Consider the following example:
#import <Foundation/Foundation.h>
#include <objc/objc-auto.h>
__weak const void *p;
void checkGC(__weak const char cString[]) {
char c = cString[1];
NSLog(@"Did it work: > %c < '%s'", c, cString);
}
int main(int argc, char *argv[]) {
p = [@"Hello, world!" UTF8String];
__strong const char *cp = NULL;
cp = &(((const char *)p)[1]); /* [0] == works, [1] == breaks */ // XXX
p = [@"Goodbye, world!" UTF8String];
objc_collect(OBJC_EXHAUSTIVE_COLLECTION | OBJC_WAIT_UNTIL_DONE);
checkGC(cp);
return(0);
}
When run under 10.6 (10A432) with XXX set to 0 (zero):
shell% gcc -arch i386 -o gc gc.m -framework Foundation -fobjc-gc-only
shell% ./gc
2009-09-06 19:11:59.926 gc[25196:903] Did it work: > e < 'Hello, world!'
When run under 10.6 (10A432) with XXX set to 1 (one):
shell% gcc -arch i386 -o gc gc.m -framework Foundation -fobjc-gc-only
shell% ./gc
2009-09-06 19:12:08.136 gc[25205:903] Did it work: > ˇ < 'ˇˇˇØ ˛˛'
When run under 10.6 (10A432) with XXX set to 1 (one) and objc_collect() commented out:
shell% gcc -arch i386 -o gc gc.m -framework Foundation -fobjc-gc-only
shell% ./gc
2009-09-06 19:21:55.978 gc[25245:903] Did it work: > l < 'ello, world!'
This would seem to be evidence that the Mac OS X garbage collector does not support interior pointers (using the "common" definition).

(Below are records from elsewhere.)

text \<open>If \<open>\<omega>\<^sub>L(E \<otimes> sgn) = -\<omega>\<^sub>L(E)\<close> then \<open>\<tilde>a\<^sub>E\<^sub>\<otimes>\<^sub>s\<^sub>g\<^sub>n - \<tilde>a\<^sub>E = \<omega>\<^sub>L(E)\<close>: both are maxima of the
  same two numbers \<open>\<tilde>a'\<^sub>E\<close>, \<open>\<tilde>a'\<^sub>E\<^sub>\<otimes>\<^sub>s\<^sub>g\<^sub>n - \<omega>\<^sub>L(E)\<close>, the first shifted by \<open>\<omega>\<^sub>L(E)\<close>.\<close>
lemma atilde_sgn_diff:
  assumes "finite J" "J \<noteq> {}" and omega: "omegaL G L J (sgn_twist G J E) = - omegaL G L J E"
  shows "atilde G L J (sgn_twist G J E) - atilde G L J E = omegaL G L J E"
proof -
  have "atilde G L J (sgn_twist G J E) =
      max (atilde' G L J (sgn_twist G J E)) (atilde' G L J E + omegaL G L J E)"
    using atilde_max[OF assms(1,2), of G L "sgn_twist G J E"] omega by (simp add: sgn_twist_twice)
  also have "\<dots> = max (atilde' G L J E) (atilde' G L J (sgn_twist G J E) - omegaL G L J E)
      + omegaL G L J E"
    by (simp add: max_add_distrib_left max.commute)
  also have "\<dots> = atilde G L J E + omegaL G L J E"
    using atilde_max[OF assms(1,2), of G L E] by simp
  finally show ?thesis by simp
qed

definition candidates :: "('a, 'b) monoid_scheme \<Rightarrow> ('a \<Rightarrow> 'g::linordered_ab_group_add) \<Rightarrow>
    'a set \<Rightarrow> ('a \<Rightarrow> complex) \<Rightarrow> 'g set" where
  "candidates G L J E = {atilde G L K M | K M.
      K \<subset> J \<and> M \<in> Irr G (parab G K) \<and> constituent G (parab G K) (parab G J) M E}"

lemma atilde'_candidates: "atilde' G L J E = Max (candidates G L J E)"
  unfolding atilde'_def candidates_def ..

text \<open>There are finitely many candidates, as there are finitely many \<open>K \<subseteq> J\<close> and each
  \<open>Irr(W\<^sub>K)\<close> is finite; so \<open>Max\<close> is a genuine maximum.\<close>
lemma candidates_finite:
  assumes cox: "coxeter_system G S" and fin: "finite (carrier G)" and J: "J \<subseteq> S"
  shows "finite (candidates G L J E)"
proof -
  have grp: "group G" and SG: "S \<subseteq> carrier G" using cox unfolding coxeter_system_def by auto
  have fJ: "finite J" using J SG fin by (meson finite_subset)
  have "finite (Irr G (parab G K))" if "K \<subseteq> J" for K
    using that J SG by (intro Irr_finite[OF grp fin] group.generate_is_subgroup[OF grp]) auto
  then have "finite (SIGMA K:Pow J. Irr G (parab G K))" using fJ by (intro finite_SigmaI) auto
  moreover have "candidates G L J E \<subseteq> (\<lambda>(K,M). atilde G L K M) ` (SIGMA K:Pow J. Irr G (parab G K))"
    unfolding candidates_def by auto
  ultimately show ?thesis by (meson finite_imageI finite_subset)
qed
lemma hs_selfadjoint_pauli_L:
  fixes \<psi> :: "nat \<Rightarrow> complex^'n::finite"
  assumes "orthonormal_basis \<psi>"
  shows "hs_selfadjoint (pauli_L (pauli_unitary \<psi>))"
proof -
  have twirl: "hs_selfadjoint
      (\<lambda>\<rho>. \<Sum>k<CARD('n). mpow (pauli_unitary \<psi>) k ** \<rho> ** adj (mpow (pauli_unitary \<psi>) k))"
    by (intro hs_selfadjoint_conjugation_sum adj_pauli_unitary_power assms) simp_all
  have "cnj (1 / of_nat CARD('n)) = (1 / of_nat CARD('n) :: complex)"
    by simp
  with twirl show ?thesis
    by (simp add: hs_selfadjoint_def pauli_L_def hs_inner_diff hs_inner_diff_left
        hs_inner_csmult hs_inner_csmult_left)
qed

section \<open>Real eigenvalues of positive trace-preserving maps\<close>

definition entry_norm :: "'n::finite cmat \<Rightarrow> real" where
  "entry_norm H = (\<Sum>i\<in>UNIV. \<Sum>j\<in>UNIV. cmod (H $ i $ j))"

lemma cinner_add_left: "cinner (x + y) z = cinner x z + cinner y z"
  by (simp add: cinner_def sum.distrib distrib_right)

lemma cinner_add_right: "cinner z (x + y) = cinner z x + cinner z y"
  by (simp add: cinner_def sum.distrib distrib_left)

lemma cinner_axis_left: "cinner (axis i a) v = cnj a * v $ i"
proof -
  have "(\<Sum>l\<in>UNIV. cnj (axis i a $ l) * v $ l) = (\<Sum>l\<in>UNIV. if l = i then cnj a * v $ i else 0)"
    by (rule sum.cong) (auto simp: axis_def)
  then show ?thesis
    by (simp add: cinner_def)
qed

lemma matrix_vector_mult_axis: "(Y *v axis j b) $ i = Y $ i $ j * b"
  by (simp add: matrix_vector_mult_def axis_def if_distrib cong: if_cong)

lemma cinner_self: "cinner x x = of_real ((norm x)\<^sup>2)"
proof -
  have "cinner x x = of_real (\<Sum>i\<in>UNIV. (cmod (x $ i))\<^sup>2)"
    unfolding cinner_def of_real_sum by (intro sum.cong refl) (metis complex_norm_square mult.commute)
  moreover have "(norm x)\<^sup>2 = (\<Sum>i\<in>UNIV. (cmod (x $ i))\<^sup>2)"
    by (simp add: norm_vec_def L2_set_def sum_nonneg)
  ultimately show ?thesis
    by simp
qed

lemma quadratic_form_axis:
  "cinner (axis i a) (Y *v axis i a) = cnj a * (Y $ i $ i * a)"
  by (simp add: cinner_axis_left matrix_vector_mult_axis)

I certainly hope this isn't the case because this essentially means that it is fundamentally impossible to write programs that execute in a deterministic fashion when using GC. It is basically impossible to write code that guarantees that the base pointer remains visible to the collector, particularly when __weak and/or the optimizer is used. Things work the vast majority of the time because there is (usually) a very small window of time where it could actually cause a problem and one of two things are true: 1) When the compiler generates code that, as a side effect, only uses interior pointers (this happens much, much more frequently than you would think), there's "something" that covers this fundamental error with a base pointer. This is invariably due to a happy set of coincidences and rarely the explicit, intentional result of the programmer. 2) The collector is not collecting during the window of vulnerability.